Philip Seymour Hoffman and John C. Reilly played the leads on Broadway, where they switched parts every so often during the run. The play opened at the Circle in the Square Theatre on February 17, 2000 and closed on July 29, 2000 after 154 performances and 21 previews. The director Matthew Warchus requested that the Tony Administration Committee consider Hoffman and Reilly as a single unit for Tony nominations, but the Committee decided that they would be considered separately. Both Hoffman and Reilly each received a nomination. This revival was also nominated for Best Play and Best Director (Matthew Warchus).
Bruce Willis and Chad Smith starred in a filmed version of the play, which was aired on Showtime in August 2002. The play was filmed in front of a live audience and directed by Gary Halvorson with Andrew Alburger and Danielle Kennedy in supporting roles.
International and regional productions
The play was produced in London by the Royal National Theatre at the Cottesloe Theatre, opening on December 3, 1981. Directed by John Schlesinger, the cast starred Bob Hoskins as Lee and Antony Sher as Austin, with Patricia Hayes as Mom.

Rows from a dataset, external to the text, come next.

lemma ennreal_power_tendsto_0_iff:
  fixes f :: "'a \<Rightarrow> ennreal"
  assumes n: "0 < n"
  shows "((\<lambda>k. f k ^ n) \<longlongrightarrow> 0) F \<longleftrightarrow> (f \<longlongrightarrow> 0) F"
proof
  assume "(f \<longlongrightarrow> 0) F"
  then have "((\<lambda>k. f k ^ n) \<longlongrightarrow> 0 ^ n) F"
    by (intro continuous_on_tendsto_compose[OF continuous_on_power_ennreal[OF n]]) auto
  then show "((\<lambda>k. f k ^ n) \<longlongrightarrow> 0) F" using n by (cases n) simp_all
next
  assume lim: "((\<lambda>k. f k ^ n) \<longlongrightarrow> 0) F"
  show "(f \<longlongrightarrow> 0) F"
  proof (rule order_tendstoI)
    fix u :: ennreal
    assume "0 < u"
    then obtain v :: ennreal where v: "0 < v" "v < u" by (meson dense)
    have "0 < v ^ n" using v(1) by (induction n) (simp_all add: ennreal_zero_less_mult_iff)
    with lim have "eventually (\<lambda>k. f k ^ n < v ^ n) F" by (rule order_tendstoD(2))
    then show "eventually (\<lambda>k. f k < u) F"
      by (rule eventually_mono) (rule less_trans[OF power_less_power_imp_less_ennreal v(2)])
  qed simp
qed
lemma contains_juxtaposition_member:
  assumes sep: "separated_pairs p {1..m} L R"
    and L: "monotone_on {1..m} (<) (mono_rel c1) L" and R: "monotone_on {1..m} (<) (mono_rel c2) R"
    and q: "q \<in> juxtaposition c1 c2" "length q \<le> m"
  shows "contains p q"
proof -
  obtain k where k: "is_perm q" "k \<le> length q"
      "sorted_wrt (mono_rel c1) (take k q)" "sorted_wrt (mono_rel c2) (drop k q)"
    using q(1) unfolding juxtaposition_def mono_seq_iff_sorted_wrt by blast
  have q_val: "q ! t \<in> {1..m}" if "t < length q" for t
    using k(1) q(2) nth_mem[OF that] unfolding is_perm_def by auto
  text \<open>Entry \<open>t\<close> of \<open>q\<close> goes to the left or right point of pair \<open>q ! t\<close>, by the side of the split.\<close>
  define f where "f t = (if t < k then L (q ! t) else R (q ! t))" for t
  have f_mono: "f t < f t'" if "t < t'" "t' < length q" for t t'
  proof -
    consider "t' < k" | "t < k" "k \<le> t'" | "k \<le> t" by linarith
    then show ?thesis
    proof cases
      case 1
      then have "mono_rel c1 (take k q ! t) (take k q ! t')"
        using k(3)[unfolded sorted_wrt_iff_nth_less, rule_format, of t t'] that by simp
      then have "mono_rel c1 (q ! t) (q ! t')" using 1 that by simp
      then show ?thesis using 1 that q_val unfolding f_def by (auto intro: mono_rel_monotone_onD[OF L])
    next
      case 2
      then show ?thesis using sep q_val that unfolding f_def separated_pairs_def by auto
    next
      case 3
      have "mono_rel c2 (drop k q ! (t - k)) (drop k q ! (t' - k))"
        using k(4)[unfolded sorted_wrt_iff_nth_less, rule_format, of "t - k" "t' - k"] 3 that by simp
      moreover have "drop k q ! (t - k) = q ! t" "drop k q ! (t' - k) = q ! t'"
        using 3 that k(2) by auto
      ultimately show ?thesis using 3 that q_val k(2) unfolding f_def by (auto intro: mono_rel_monotone_onD[OF R])
    qed
  qed
  have f_val: "p ! f t < p ! f t' \<longleftrightarrow> q ! t < q ! t'" if tt: "t < length q" "t' < length q" for t t'
  proof -
    have f_in: "f u \<in> {L (q ! u), R (q ! u)}" for u unfolding f_def by simp
    have sep_less: "p ! f u < p ! f u'" if "u < length q" "u' < length q" "q ! u < q ! u'" for u u'
      using separated_pairs_less[OF sep q_val[OF that(1)] q_val[OF that(2)] that(3) f_in f_in] .
    have "distinct q" using k(1) unfolding is_perm_def by simp
    consider "q ! t < q ! t'" | "q ! t' < q ! t" | "t = t'"
      using nth_eq_iff_index_eq[OF \<open>distinct q\<close> tt] by fastforce
    then show ?thesis using tt sep_less by cases (auto dest: less_asym)
  qed
  have f_len: "f t < length p" if "t < length q" for t
    using sep q_val[OF that] unfolding f_def separated_pairs_def by auto
  have "\<forall>i j. i < j \<and> j < length q \<longrightarrow> f i < f j"
    and "\<forall>i<length q. f i < length p"
    and "\<forall>i<length q. \<forall>j<length q. p ! f i < p ! f j \<longleftrightarrow> q ! i < q ! j"
    using f_mono f_len f_val by simp_all
  then show ?thesis unfolding contains_def by (intro exI[of _ f] conjI)
qed
(* Let $(p_n)$ be integers diverging to infinity and $(\kappa_n)$ an arbitrary sequence in $(0,\infty)$. (i) If $\kappa_n/p_n\to\infty$, then $e_{n1}=1+o(1)$, $\tilde e_{n2}=O(p_n/\kappa_n^2)$ and $f_{n2}=p_n/\kappa_n+o(p_n/\kappa_n)$. (ii) If $\kappa_n/p_n\to\xi>0$, then, with $c_\xi:=\frac12+\sqrt{\frac14+\xi^2}$, $e_{n1}\to\xi/c_\xi$, $\tilde e_{n2}=O(1/p_n)$ and $f_{n2}=1/c_\xi+o(1)$. (iii) If $\kappa_n/p_n\to0$, then $e_{n1}=\kappa_n/p_n+O(\kappa_n^3/p_n^3)$, $\tilde e_{n2}=1/p_n+o(1/p_n)$ and $f_{n2}=1+o(1)$.
   Context: For integer $p\ge2$ and $\kappa>0$, let $c_{p,\kappa}=1/\int_{-1}^1(1-t^2)^{(p-3)/2}e^{\kappa t}dt$. Let $U_n$ have density $u\mapsto c_{p_n,\kappa_n}(1-u^2)^{(p_n-3)/2}e^{\kappa_nu}$ on $[-1,1]$; $e_{n1}=E[U_n]$, $\tilde e_{n2}=\mathrm{Var}(U_n)$, $f_{n2}=E[1-U_n^2]$. *)

theory Defs
  imports "HOL-Analysis.Analysis" "HOL-Library.Landau_Symbols"
begin

definition vmf_weight :: "nat \<Rightarrow> real \<Rightarrow> real \<Rightarrow> real" where
  "vmf_weight p \<kappa> t = (1 - t\<^sup>2) powr ((real p - 3) / 2) * exp (\<kappa> * t)"

definition vmf_const :: "nat \<Rightarrow> real \<Rightarrow> real" where
  "vmf_const p \<kappa> = 1 / (LBINT t:{-1..1}. vmf_weight p \<kappa> t)"

definition vmf_expect :: "nat \<Rightarrow> real \<Rightarrow> (real \<Rightarrow> real) \<Rightarrow> real" where
  "vmf_expect p \<kappa> g = (LBINT t:{-1..1}. g t * (vmf_const p \<kappa> * vmf_weight p \<kappa> t))"

definition e1 :: "nat \<Rightarrow> real \<Rightarrow> real" where
  "e1 p \<kappa> = vmf_expect p \<kappa> (\<lambda>t. t)"

definition e2t :: "nat \<Rightarrow> real \<Rightarrow> real" where
  "e2t p \<kappa> = vmf_expect p \<kappa> (\<lambda>t. (t - e1 p \<kappa>)\<^sup>2)"

definition f2 :: "nat \<Rightarrow> real \<Rightarrow> real" where
  "f2 p \<kappa> = vmf_expect p \<kappa> (\<lambda>t. 1 - t\<^sup>2)"

end

theory Submission
  imports Defs
begin
lemma run_comparable_between:
  assumes "run_comparable u i j" "run_comparable u j l" "\<not> run_comparable u i l" "i \<noteq> l"
  shows "i < j \<and> j < l \<or> l < j \<and> j < i"
proof (rule ccontr)
  assume "\<not> ?thesis"
  with assms(1,2) have "j < min i l \<or> max i l < j" unfolding run_comparable_def by auto
  then have "constant_run u (min i l) (max i l)"
  proof
    assume "j < min i l"
    then have "constant_run u j (max i l)"
      using assms(1,2) unfolding run_comparable_def constant_run_def
      by (cases "u j") (auto simp: min_def max_def split: if_splits)
    then show ?thesis by (rule constant_run_subset) (use \<open>j < min i l\<close> in auto)
  next
    assume "max i l < j"
    then have "constant_run u (min i l) j"
      using assms(1,2) unfolding run_comparable_def constant_run_def
      by (cases "u (j - 1)") (auto simp: min_def max_def split: if_splits)
    then show ?thesis by (rule constant_run_subset) (use \<open>max i l < j\<close> in auto)
  qed
  with assms(3,4) show False unfolding run_comparable_def by simp
qed

definition out_sign :: "(nat \<Rightarrow> bool) \<Rightarrow> nat \<Rightarrow> nat \<Rightarrow> nat \<Rightarrow> real" where
  "out_sign u a b j = (if j \<in> {a..<b} then (if u j then 1 else -1) else 0)"
lemma ssub_sadd: "ssub S (sadd T U) = ssub (ssub S T) U"
  by (simp add: ssub_def sadd_def diff_diff_eq)

theorem mainTheorem16:
  fixes A1 B1 B2 C1 C2 C3 :: "('r::finite) cmat" and n :: nat
  assumes C1inv: "\<And>m::nat. invertible (C1 + mat (of_nat m))"
      and C2inv: "\<And>m::nat. invertible (C2 + mat (of_nat m))"
      and C3inv: "\<And>m::nat. invertible (C3 + mat (of_nat m))"
      and AB1: "A1 ** B1 = B1 ** A1" and AB2: "A1 ** B2 = B2 ** A1"
      and BB: "B1 ** B2 = B2 ** B1"
      and CC12: "C1 ** C2 = C2 ** C1" and CC13: "C1 ** C3 = C3 ** C1"
      and CC23: "C2 ** C3 = C3 ** C2"
      and n: "n \<ge> 1"
      and Ainv: "\<And>m::nat. invertible (A1 + mat (of_nat m))"
  shows "F4 (A1 + mat (of_nat n)) B1 B2 C1 C2 C3 =
           sadd (sadd (sadd (F4 A1 B1 B2 C1 C2 C3)
             (mulx1 (sandwich B1 (ssum (\<lambda>n1. F4 (A1 + mat (of_nat n1)) (B1 + mat 1) B2 (C1 + mat 1) C2 C3) {1..n}) (matrix_inv C1))))
             (mulx2 (sandwich B2 (ssum (\<lambda>n1. F4 (A1 + mat (of_nat n1)) B1 (B2 + mat 1) C1 (C2 + mat 1) C3) {1..n}) (matrix_inv C2))))
             (mulx3 (sandwich B2 (ssum (\<lambda>n1. F4 (A1 + mat (of_nat n1)) B1 (B2 + mat 1) C1 C2 (C3 + mat 1)) {1..n}) (matrix_inv C3)))
         \<and> ((\<forall>n1\<le>n. invertible (A1 - mat (of_nat n1))) \<longrightarrow>
           F4 (A1 - mat (of_nat n)) B1 B2 C1 C2 C3 =
           ssub (ssub (ssub (F4 A1 B1 B2 C1 C2 C3)
             (mulx1 (sandwich B1 (ssum (\<lambda>n1. F4 (A1 - mat (of_nat n1)) (B1 + mat 1) B2 (C1 + mat 1) C2 C3) {0..n-1}) (matrix_inv C1))))
             (mulx2 (sandwich B2 (ssum (\<lambda>n1. F4 (A1 - mat (of_nat n1)) B1 (B2 + mat 1) C1 (C2 + mat 1) C3) {0..n-1}) (matrix_inv C2))))
             (mulx3 (sandwich B2 (ssum (\<lambda>n1. F4 (A1 - mat (of_nat n1)) B1 (B2 + mat 1) C1 C2 (C3 + mat 1)) {0..n-1}) (matrix_inv C3))))"
proof -
  have "{0..n-1} = {..<n}" using n by auto
  then show ?thesis
    using F4_A_add_nat[OF C1inv C2inv C3inv BB CC12 CC13 CC23 AB1 AB2, of n]
      F4_A_diff_nat[OF C1inv C2inv C3inv BB CC12 CC13 CC23 AB1 AB2, of n]
    by (simp add: F4_A_increment_def sandwich_ssum mulx1_ssum mulx2_ssum mulx3_ssum ssum_sadd
        sadd_assoc ssub_sadd)
qed

end
lemma star_hom_compression:
  assumes \<phi>: "star_hom \<phi>" and P: "projection_op P" and \<psi>: "linear_map_to_ops \<psi>"
    and right: "\<And>a. \<psi> a = \<phi> a \<circ> P" and left: "\<And>a. \<psi> a = P \<circ> \<phi> a"
  shows "star_hom \<psi>"
proof -
  have idem: "P (P x) = P x" for x
    using P by (simp add: projection_op_def fun_eq_iff)
  have selfadjoint: "cinner x (P y) = cinner (P x) y" for x y
    using P by (simp add: projection_op_def selfadjoint_op_def)
  have "\<psi> (a * b) x = \<psi> a (\<psi> b x)" for a b x
  proof -
    have "\<psi> (a * b) x = \<phi> a (\<phi> b (P (P x)))"
      by (simp add: right idem star_hom_mult[OF \<phi>])
    also have "\<dots> = \<phi> a (P (\<phi> b (P x)))"
      using left[of b] right[of b] by (simp add: fun_eq_iff)
    also have "\<dots> = \<psi> a (\<psi> b x)"
      by (simp add: right)
    finally show ?thesis .
  qed
  moreover have "cinner x (\<psi> (cstar a) y) = cinner (\<psi> a x) y" for a x y
  proof -
    have "cinner x (\<psi> (cstar a) y) = cinner (P x) (\<phi> (cstar a) y)"
      by (simp add: left selfadjoint)
    also have "\<dots> = cinner (\<psi> a x) y"
      by (simp add: right star_hom_adjoint[OF \<phi>])
    finally show ?thesis .
  qed
  ultimately show ?thesis
    using \<psi> by (simp add: star_hom_def fun_eq_iff)
qed

lemma cp_instrument_countably_additive:
  assumes "cp_instrument M I" "range F \<subseteq> sets M" "disjoint_family F"
  shows "(\<lambda>n. cinner h (I (F n) a k)) sums cinner h (I (\<Union>n. F n) a k)"
  using assms by (simp add: cp_instrument_def)

lemma cp_instrument_linear:
  "cp_instrument M I \<Longrightarrow> A \<in> sets M \<Longrightarrow> linear_map_to_ops (I A)"
  by (simp add: cp_instrument_def completely_positive_def)

lemma cp_instrument_empty:
  assumes I: "cp_instrument M I"
  shows "I {} a k = 0"
proof (rule cinner_right_eqI)
  fix h
  have "(\<lambda>n. cinner h (I {} a k)) sums cinner h (I {} a k)"
    using cp_instrument_countably_additive[OF I, of "\<lambda>_. {}"]
    by (simp add: disjoint_family_on_def)
  then have "(\<lambda>n. cinner h (I {} a k)) \<longlonglongrightarrow> 0"
    using summable_LIMSEQ_zero sums_summable by blast
  then show "cinner h (I {} a k) = cinner h 0"
    by (simp add: LIMSEQ_const_iff cinner_zero_right)
qed

lemma cp_instrument_Un:
  assumes I: "cp_instrument M I" and "A \<in> sets M" "B \<in> sets M" "A \<inter> B = {}"
  shows "I (A \<union> B) a k = I A a k + I B a k"
proof (rule cinner_right_eqI)
  fix h
  have "range (binaryset A B) \<subseteq> sets M" "disjoint_family (binaryset A B)"
    using assms(2-4) by (auto simp: disjoint_family_on_def binaryset_def)
  then have "(\<lambda>n. cinner h (I (binaryset A B n) a k)) sums cinner h (I (A \<union> B) a k)"
    using cp_instrument_countably_additive[OF I] by (metis UN_binaryset_eq)
  moreover have "(\<lambda>n. cinner h (I (binaryset A B n) a k)) sums (cinner h (I A a k) + cinner h (I B a k))"
    using binaryset_sums[where f = "\<lambda>S. cinner h (I S a k)"]
    by (simp add: cp_instrument_empty[OF I] cinner_zero_right)
  ultimately show "cinner h (I (A \<union> B) a k) = cinner h (I A a k + I B a k)"
    by (simp add: sums_unique2 cinner_add_right)
qed

lemma cp_instrument_space_split:
  assumes "cp_instrument M I" "A \<in> sets M"
  shows "I (space M) a x = I A a x + I (space M - A) a x"
proof -
  have "A \<union> (space M - A) = space M"
    using sets.sets_into_space[OF assms(2)] by blast
  then show ?thesis
    using cp_instrument_Un[OF assms(1,2), of "space M - A"] assms(2) by auto
qed

lemma spectral_instrument_factorization:
  assumes I: "spectral_instrument M I" and A: "A \<in> sets M"
  shows "I A a = phi_I M I a \<circ> mu_I I A \<and> I A a = mu_I I A \<circ> phi_I M I a"
proof -
  have cp: "cp_instrument M I" and unital: "I (space M) 1 = id"
    and hom: "\<And>B. B \<in> sets M \<Longrightarrow> star_hom (I B)"
    using I by (auto simp: spectral_instrument_def ucp_instrument_def)
  have "star_hom (I A)" "star_hom (I (space M - A))"
    using A by (auto intro: hom)
  from star_hom_sum_factorization[OF this cp_instrument_space_split[OF cp A] unital]
  show ?thesis
    unfolding phi_I_def mu_I_def by blast
qed

lemma spectral_instrument_marginal_spectral_measure:
  assumes "spectral_instrument M I"
  shows "spectral_measure M (mu_I I)"
  using assms cp_instrument_countably_additive[of M I]
  by (auto simp: spectral_measure_def mu_I_def spectral_instrument_def ucp_instrument_def
      intro: star_hom_one_projection)

theorem theorem2p10:
  fixes M :: "'x measure"
    and I :: "'x set \<Rightarrow> 'a::cstar_algebra \<Rightarrow> 'h::chilbert_space \<Rightarrow> 'h"
  assumes "ucp_instrument M I"
  shows "spectral_instrument M I \<longleftrightarrow>
           (unital_star_hom (phi_I M I) \<and> spectral_measure M (mu_I I) \<and>
            (\<forall>a. \<forall>A\<in>sets M. I A a = phi_I M I a \<circ> mu_I I A \<and> I A a = mu_I I A \<circ> phi_I M I a))"
proof
  assume I: "spectral_instrument M I"
  have "unital_star_hom (phi_I M I)"
    using I by (simp add: spectral_instrument_def ucp_instrument_def unital_star_hom_def phi_I_def)
  with I show "unital_star_hom (phi_I M I) \<and> spectral_measure M (mu_I I) \<and>
      (\<forall>a. \<forall>A\<in>sets M. I A a = phi_I M I a \<circ> mu_I I A \<and> I A a = mu_I I A \<circ> phi_I M I a)"
    using spectral_instrument_marginal_spectral_measure spectral_instrument_factorization
    by blast
next
  assume H: "unital_star_hom (phi_I M I) \<and> spectral_measure M (mu_I I) \<and>
      (\<forall>a. \<forall>A\<in>sets M. I A a = phi_I M I a \<circ> mu_I I A \<and> I A a = mu_I I A \<circ> phi_I M I a)"
  have "star_hom (I A)" if A: "A \<in> sets M" for A
  proof (rule star_hom_compression)
    show "star_hom (phi_I M I)" using H by (simp add: unital_star_hom_def)
    show "projection_op (mu_I I A)" using H A by (simp add: spectral_measure_def)
    show "linear_map_to_ops (I A)"
      using assms A cp_instrument_linear by (auto simp: ucp_instrument_def)
  qed (use H A in blast)+
  then show "spectral_instrument M I"
    using assms by (simp add: spectral_instrument_def)
qed

end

The Donmar Warehouse presented the play in 1994, starring Mark Rylance and Michael Rudko, directed by Matthew Warchus. Sheridan Morley wrote: "... this is really a two-man play and as Rylance and Rudko prowl around each other, giving two of the best-contrasted and indeed best performances in town, 'True West' seems somehow a much stronger, funnier and more savage play than I recall from its first National outing over here in the early 1980s." The production began at the Quarry Theatre in Leeds. Matt Wolf called the Donmar Warehouse production a "blazing revival", "one of the bset-attended of [Sam] Mendes' early years." The male leads swapped roles every 3 or 4 performances.
Wilson Milam directed a production at the Bristol Old Vic in November 2003, with Phil Daniels as Lee and Andrew Tiernan as Austin. The British Theatre Guide reviewer noted: "The design, by Dick Bird, who was responsible for the much-admired Great Expectations at the Old Vic earlier this year, is excellent. White framed windows opening on to a patio area with plants, furniture and skies beyond." The production replaced the smashing of a typewriter with a modern working laptop, and used 20 working toasters. The production caused the Bristol Old Vic to remove the first 3 rows of seats for fear that the audience would be harmed and installed a Perspex shield for safety reasons. It did however receive much critical acclaim from the British National Press and was cited as Pick of the Week in The Guardian newspaper (October 27, November 2, 2003).
Soulpepper, Toronto's largest theatre company, presented Patricia Hamilton, Stuart Hughes and Mike Ross in a production directed by Nancy Palk at the Young Centre for the Performing Arts, running in April - May 2013.
Pittsburgh Public Theater's production was directed by Pamela Berlin, with Ken Barnett (Austin) and David Mogentale (Lee), running from November 7 through December 8, 2013, at the O'Reilly Theater.
Citizen's Theatre, Glasgow presented True West in October 29 - November 16, 2013, directed by Philip Breen, starring Alex Ferns and Eugene O'Hare. This production ran at the Tricycle Theatre, London in September 2014.